• [PROBLEM TO WORK ON]:
Take each line below that has "imports" and copy it.

------------------------

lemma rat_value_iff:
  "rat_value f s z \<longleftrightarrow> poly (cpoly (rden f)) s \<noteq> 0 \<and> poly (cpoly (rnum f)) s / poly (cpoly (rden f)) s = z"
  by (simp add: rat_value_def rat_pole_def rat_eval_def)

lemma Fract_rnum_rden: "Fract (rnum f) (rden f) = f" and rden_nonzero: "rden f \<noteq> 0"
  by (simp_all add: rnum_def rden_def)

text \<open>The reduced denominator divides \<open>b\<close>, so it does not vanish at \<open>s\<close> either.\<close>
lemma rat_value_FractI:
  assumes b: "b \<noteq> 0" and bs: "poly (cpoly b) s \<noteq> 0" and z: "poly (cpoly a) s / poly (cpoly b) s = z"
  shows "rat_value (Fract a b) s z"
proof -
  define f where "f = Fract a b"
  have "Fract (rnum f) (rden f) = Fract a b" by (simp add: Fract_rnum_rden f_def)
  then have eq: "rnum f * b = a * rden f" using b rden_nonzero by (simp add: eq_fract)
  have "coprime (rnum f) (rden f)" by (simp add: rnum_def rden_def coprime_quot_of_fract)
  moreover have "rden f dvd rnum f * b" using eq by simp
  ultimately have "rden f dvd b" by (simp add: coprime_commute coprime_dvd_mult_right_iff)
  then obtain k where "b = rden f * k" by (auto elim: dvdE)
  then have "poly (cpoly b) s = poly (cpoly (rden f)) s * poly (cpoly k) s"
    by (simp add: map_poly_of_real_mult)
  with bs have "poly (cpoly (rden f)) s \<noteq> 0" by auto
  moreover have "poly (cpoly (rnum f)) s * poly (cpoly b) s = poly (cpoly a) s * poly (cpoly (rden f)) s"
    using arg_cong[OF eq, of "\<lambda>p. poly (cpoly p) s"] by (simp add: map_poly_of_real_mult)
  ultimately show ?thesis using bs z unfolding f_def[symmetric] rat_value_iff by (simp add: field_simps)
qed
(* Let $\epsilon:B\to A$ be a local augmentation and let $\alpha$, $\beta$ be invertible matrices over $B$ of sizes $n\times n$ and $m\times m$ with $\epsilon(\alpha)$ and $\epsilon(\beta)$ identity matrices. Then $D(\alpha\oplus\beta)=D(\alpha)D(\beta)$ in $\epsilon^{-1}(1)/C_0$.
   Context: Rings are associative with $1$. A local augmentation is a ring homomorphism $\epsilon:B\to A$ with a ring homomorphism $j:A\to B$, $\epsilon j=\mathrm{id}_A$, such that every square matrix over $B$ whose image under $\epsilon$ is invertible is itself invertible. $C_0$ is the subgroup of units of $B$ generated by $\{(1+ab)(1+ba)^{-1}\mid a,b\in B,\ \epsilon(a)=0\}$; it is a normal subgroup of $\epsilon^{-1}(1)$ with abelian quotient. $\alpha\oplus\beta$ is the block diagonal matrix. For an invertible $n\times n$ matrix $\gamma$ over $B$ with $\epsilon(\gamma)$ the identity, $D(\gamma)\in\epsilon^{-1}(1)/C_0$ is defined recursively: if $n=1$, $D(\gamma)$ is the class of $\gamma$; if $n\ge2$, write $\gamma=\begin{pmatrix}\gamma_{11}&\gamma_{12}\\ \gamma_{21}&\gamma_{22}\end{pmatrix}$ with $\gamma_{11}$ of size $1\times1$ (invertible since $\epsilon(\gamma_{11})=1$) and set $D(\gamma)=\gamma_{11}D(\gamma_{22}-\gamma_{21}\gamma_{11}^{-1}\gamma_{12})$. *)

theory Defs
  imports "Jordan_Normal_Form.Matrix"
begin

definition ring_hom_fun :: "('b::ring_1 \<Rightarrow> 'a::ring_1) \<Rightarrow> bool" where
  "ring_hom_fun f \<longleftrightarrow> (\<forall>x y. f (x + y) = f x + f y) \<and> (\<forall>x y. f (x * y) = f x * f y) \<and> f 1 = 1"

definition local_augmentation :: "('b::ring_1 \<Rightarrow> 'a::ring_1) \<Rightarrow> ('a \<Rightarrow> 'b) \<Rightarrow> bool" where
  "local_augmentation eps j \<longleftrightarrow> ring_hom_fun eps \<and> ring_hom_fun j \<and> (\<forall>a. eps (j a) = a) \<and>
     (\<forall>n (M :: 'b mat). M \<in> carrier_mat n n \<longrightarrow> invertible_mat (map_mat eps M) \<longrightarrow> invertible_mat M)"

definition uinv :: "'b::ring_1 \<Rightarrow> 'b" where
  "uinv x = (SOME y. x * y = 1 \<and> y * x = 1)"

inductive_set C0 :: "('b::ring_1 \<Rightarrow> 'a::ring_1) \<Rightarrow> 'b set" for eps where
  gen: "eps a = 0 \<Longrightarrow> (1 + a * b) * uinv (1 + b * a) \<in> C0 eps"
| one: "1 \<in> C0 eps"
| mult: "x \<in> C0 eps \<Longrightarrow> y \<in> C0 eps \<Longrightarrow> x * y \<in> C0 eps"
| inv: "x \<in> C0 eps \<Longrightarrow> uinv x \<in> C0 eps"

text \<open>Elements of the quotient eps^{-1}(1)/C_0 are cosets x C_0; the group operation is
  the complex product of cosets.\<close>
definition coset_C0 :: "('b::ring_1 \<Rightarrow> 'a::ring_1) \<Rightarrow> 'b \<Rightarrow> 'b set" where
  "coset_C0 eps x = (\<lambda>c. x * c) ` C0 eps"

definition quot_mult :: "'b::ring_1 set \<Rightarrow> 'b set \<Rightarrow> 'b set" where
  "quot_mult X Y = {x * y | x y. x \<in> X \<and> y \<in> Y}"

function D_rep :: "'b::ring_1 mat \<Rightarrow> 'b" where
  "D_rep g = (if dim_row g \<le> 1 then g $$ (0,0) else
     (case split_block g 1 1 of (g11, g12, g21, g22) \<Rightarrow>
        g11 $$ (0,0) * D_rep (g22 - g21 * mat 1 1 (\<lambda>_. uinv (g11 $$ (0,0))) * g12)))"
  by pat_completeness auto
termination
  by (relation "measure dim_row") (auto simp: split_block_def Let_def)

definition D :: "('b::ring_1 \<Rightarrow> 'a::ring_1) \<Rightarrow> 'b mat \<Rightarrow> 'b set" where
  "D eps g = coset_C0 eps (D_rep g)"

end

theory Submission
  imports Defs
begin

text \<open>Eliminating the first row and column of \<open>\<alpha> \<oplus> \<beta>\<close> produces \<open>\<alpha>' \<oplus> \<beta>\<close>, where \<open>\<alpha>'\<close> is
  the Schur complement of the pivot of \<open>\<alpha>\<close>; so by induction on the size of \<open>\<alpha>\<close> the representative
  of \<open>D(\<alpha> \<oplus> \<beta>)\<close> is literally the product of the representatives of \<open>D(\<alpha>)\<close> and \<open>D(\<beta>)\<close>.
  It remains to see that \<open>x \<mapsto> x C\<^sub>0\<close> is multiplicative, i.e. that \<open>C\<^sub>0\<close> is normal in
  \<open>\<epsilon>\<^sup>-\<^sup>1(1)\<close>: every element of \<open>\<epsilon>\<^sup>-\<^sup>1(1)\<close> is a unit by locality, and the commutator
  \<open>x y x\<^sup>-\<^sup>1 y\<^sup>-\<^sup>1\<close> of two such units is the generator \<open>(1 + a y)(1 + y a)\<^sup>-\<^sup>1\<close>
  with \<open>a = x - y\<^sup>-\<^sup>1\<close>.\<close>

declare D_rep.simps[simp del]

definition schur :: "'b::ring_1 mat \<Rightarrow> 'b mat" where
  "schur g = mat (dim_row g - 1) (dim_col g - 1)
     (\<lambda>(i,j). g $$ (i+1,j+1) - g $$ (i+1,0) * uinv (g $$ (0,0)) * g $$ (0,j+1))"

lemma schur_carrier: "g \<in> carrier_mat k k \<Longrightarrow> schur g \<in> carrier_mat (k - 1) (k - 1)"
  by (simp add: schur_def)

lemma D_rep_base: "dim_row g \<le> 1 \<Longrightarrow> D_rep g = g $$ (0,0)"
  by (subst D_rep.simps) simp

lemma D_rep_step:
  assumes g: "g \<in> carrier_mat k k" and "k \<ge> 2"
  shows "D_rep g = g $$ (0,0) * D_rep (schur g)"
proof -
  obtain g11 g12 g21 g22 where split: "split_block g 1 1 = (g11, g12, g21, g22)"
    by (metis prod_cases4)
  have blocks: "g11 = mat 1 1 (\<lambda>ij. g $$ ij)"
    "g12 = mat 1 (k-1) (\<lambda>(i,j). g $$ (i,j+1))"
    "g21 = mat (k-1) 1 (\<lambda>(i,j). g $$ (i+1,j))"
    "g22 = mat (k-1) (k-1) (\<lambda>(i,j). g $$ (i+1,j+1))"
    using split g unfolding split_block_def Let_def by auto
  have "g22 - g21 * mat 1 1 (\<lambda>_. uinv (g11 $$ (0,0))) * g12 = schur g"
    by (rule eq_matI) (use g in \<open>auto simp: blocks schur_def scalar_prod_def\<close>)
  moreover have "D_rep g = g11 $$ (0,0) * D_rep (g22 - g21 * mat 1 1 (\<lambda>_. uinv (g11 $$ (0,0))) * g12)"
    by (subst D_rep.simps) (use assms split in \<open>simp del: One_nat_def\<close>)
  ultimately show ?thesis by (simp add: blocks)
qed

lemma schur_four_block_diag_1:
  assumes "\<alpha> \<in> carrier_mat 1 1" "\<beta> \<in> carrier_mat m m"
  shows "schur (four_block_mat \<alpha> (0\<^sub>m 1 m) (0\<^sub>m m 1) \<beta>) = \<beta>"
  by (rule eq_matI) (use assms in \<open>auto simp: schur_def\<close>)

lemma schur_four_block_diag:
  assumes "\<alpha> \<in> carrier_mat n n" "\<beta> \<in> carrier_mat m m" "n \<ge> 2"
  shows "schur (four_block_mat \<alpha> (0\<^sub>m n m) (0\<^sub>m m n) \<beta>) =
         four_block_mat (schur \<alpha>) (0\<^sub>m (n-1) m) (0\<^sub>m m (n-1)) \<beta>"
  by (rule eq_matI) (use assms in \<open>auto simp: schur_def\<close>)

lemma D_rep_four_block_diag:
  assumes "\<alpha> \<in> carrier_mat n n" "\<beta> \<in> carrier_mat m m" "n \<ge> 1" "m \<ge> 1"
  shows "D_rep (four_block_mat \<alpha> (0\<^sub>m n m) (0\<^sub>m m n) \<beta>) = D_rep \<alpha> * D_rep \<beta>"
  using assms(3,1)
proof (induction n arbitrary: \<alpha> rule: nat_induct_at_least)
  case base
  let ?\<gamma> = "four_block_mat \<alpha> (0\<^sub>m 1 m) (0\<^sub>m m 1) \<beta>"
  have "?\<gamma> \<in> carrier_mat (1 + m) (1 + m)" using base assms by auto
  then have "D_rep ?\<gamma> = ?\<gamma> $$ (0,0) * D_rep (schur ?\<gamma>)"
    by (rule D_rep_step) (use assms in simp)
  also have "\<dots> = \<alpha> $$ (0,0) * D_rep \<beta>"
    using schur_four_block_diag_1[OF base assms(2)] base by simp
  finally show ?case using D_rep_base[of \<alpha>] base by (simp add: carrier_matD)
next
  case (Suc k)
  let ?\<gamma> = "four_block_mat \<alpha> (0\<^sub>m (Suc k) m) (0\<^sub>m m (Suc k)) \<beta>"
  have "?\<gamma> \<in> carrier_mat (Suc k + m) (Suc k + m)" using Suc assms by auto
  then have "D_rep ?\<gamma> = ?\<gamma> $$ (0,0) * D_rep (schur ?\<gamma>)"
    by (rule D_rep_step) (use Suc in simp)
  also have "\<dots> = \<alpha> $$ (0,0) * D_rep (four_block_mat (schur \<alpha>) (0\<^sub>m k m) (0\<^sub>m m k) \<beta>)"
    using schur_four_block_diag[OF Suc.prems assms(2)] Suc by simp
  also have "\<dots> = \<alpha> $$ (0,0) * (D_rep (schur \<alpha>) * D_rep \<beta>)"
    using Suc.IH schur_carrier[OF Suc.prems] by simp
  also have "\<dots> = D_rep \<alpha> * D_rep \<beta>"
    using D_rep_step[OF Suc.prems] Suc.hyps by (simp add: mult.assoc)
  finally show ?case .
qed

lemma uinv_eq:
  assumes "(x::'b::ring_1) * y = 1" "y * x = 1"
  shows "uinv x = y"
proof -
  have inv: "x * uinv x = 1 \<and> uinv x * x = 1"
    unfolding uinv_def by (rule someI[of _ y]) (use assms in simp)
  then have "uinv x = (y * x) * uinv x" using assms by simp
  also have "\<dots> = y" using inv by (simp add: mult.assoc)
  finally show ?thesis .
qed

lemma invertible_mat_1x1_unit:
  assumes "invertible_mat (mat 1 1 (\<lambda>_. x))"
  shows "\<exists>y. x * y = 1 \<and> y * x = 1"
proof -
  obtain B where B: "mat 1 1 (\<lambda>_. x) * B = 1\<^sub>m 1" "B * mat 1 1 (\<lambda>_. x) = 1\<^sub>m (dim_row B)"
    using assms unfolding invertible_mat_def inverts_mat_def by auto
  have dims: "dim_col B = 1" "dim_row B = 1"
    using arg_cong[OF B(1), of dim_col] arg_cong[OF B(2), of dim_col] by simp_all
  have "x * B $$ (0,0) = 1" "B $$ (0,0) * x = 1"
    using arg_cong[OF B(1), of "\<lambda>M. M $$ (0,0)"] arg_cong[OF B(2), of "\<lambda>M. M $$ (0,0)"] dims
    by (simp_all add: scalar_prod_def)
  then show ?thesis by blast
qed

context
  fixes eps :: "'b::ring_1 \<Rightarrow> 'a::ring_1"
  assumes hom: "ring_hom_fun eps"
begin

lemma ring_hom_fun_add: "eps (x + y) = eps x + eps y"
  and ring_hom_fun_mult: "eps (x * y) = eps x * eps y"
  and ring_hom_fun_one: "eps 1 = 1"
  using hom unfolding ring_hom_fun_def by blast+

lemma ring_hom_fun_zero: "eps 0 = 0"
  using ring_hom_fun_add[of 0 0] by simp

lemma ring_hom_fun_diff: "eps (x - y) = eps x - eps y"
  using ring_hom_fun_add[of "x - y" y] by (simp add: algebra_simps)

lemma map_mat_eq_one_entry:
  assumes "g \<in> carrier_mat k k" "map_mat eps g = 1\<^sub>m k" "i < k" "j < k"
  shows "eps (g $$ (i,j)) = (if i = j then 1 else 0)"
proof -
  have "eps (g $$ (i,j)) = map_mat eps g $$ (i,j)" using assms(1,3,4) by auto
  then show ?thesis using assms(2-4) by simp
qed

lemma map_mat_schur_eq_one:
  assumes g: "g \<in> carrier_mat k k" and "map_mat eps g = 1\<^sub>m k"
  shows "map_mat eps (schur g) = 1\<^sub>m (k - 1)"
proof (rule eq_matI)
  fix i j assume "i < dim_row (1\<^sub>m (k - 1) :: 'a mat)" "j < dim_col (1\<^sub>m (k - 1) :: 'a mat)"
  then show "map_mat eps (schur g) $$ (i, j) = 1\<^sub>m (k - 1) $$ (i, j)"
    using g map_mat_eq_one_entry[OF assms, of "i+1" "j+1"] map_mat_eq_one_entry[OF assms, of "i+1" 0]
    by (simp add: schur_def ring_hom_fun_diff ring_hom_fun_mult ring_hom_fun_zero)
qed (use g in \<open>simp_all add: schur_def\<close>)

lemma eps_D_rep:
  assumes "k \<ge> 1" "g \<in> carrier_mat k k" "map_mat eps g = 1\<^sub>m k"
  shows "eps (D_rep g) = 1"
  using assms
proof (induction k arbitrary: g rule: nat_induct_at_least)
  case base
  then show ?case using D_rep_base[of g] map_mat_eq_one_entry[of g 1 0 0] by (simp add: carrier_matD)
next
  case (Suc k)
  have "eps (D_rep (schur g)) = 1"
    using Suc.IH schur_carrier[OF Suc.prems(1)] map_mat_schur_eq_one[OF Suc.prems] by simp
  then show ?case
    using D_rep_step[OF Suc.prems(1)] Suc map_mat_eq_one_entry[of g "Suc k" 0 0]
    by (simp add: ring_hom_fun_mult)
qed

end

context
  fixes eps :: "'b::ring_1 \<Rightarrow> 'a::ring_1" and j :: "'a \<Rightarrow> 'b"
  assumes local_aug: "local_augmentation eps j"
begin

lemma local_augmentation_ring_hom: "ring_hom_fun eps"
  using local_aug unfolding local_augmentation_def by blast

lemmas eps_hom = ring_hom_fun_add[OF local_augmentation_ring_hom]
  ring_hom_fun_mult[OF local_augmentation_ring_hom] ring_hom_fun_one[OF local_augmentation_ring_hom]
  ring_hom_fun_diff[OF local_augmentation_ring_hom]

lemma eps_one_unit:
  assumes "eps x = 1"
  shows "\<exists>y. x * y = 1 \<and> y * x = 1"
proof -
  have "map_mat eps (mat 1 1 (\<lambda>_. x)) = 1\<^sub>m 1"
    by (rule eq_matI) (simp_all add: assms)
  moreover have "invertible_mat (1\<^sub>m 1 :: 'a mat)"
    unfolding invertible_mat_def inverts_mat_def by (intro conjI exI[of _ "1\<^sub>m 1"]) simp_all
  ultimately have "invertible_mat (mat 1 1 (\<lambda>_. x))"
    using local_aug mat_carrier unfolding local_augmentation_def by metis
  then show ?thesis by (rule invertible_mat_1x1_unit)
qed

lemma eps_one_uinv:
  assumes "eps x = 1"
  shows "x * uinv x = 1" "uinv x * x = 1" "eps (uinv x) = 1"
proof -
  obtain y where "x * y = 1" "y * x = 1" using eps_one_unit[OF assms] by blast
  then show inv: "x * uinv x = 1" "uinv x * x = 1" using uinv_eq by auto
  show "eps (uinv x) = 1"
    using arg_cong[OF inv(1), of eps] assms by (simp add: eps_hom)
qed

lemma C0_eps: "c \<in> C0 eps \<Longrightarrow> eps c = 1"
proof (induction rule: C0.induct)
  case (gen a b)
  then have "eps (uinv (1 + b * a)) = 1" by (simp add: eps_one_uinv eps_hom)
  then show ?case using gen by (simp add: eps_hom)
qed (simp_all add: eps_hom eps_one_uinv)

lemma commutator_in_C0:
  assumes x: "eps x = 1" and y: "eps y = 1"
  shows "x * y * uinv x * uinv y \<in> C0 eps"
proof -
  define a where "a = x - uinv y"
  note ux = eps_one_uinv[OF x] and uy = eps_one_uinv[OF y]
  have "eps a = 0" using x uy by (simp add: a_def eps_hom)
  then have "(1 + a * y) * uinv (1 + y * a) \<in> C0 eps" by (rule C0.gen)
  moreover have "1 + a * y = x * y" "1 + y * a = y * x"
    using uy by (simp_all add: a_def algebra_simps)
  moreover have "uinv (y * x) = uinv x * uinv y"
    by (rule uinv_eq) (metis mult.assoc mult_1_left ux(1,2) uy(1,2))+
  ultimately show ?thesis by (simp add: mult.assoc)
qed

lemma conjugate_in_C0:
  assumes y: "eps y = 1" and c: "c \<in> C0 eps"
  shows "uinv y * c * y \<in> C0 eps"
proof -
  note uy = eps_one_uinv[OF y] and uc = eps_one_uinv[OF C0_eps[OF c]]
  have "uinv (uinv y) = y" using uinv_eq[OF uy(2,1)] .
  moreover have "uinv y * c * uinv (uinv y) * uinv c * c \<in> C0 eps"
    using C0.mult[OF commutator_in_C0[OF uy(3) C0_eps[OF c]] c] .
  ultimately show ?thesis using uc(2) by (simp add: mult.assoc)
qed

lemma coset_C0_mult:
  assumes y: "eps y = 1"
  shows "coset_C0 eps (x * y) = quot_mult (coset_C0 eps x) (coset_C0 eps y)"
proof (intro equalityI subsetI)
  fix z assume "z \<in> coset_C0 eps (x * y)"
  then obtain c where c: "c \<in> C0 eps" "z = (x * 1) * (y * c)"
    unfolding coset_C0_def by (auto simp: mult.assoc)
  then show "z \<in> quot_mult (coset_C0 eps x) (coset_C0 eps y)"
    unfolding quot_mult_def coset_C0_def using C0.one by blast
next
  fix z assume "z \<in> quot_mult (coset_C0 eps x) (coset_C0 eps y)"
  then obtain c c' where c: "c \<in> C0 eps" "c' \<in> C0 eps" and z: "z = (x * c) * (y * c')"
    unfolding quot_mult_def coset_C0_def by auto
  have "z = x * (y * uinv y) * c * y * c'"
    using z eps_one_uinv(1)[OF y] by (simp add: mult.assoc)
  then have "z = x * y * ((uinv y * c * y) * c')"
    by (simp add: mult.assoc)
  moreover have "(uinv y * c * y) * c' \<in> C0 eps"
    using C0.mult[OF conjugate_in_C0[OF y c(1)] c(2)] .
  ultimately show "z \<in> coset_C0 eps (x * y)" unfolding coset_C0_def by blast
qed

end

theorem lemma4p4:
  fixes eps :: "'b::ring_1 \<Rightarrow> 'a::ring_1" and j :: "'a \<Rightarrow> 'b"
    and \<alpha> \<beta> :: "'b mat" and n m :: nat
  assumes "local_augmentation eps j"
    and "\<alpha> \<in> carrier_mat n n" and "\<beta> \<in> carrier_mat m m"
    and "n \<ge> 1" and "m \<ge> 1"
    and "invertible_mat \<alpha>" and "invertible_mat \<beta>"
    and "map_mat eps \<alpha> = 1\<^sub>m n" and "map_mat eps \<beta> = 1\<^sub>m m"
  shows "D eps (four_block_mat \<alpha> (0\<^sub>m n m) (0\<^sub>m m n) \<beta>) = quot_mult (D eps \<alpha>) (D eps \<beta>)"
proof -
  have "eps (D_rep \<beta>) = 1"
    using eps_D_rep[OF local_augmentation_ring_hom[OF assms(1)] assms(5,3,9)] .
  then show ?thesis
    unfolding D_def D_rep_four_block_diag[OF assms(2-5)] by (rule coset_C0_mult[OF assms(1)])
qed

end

------------------------

• [SOLUTION FOR THIS PROBLEM]:
  imports "Jordan_Normal_Form.Matrix"
  imports Defs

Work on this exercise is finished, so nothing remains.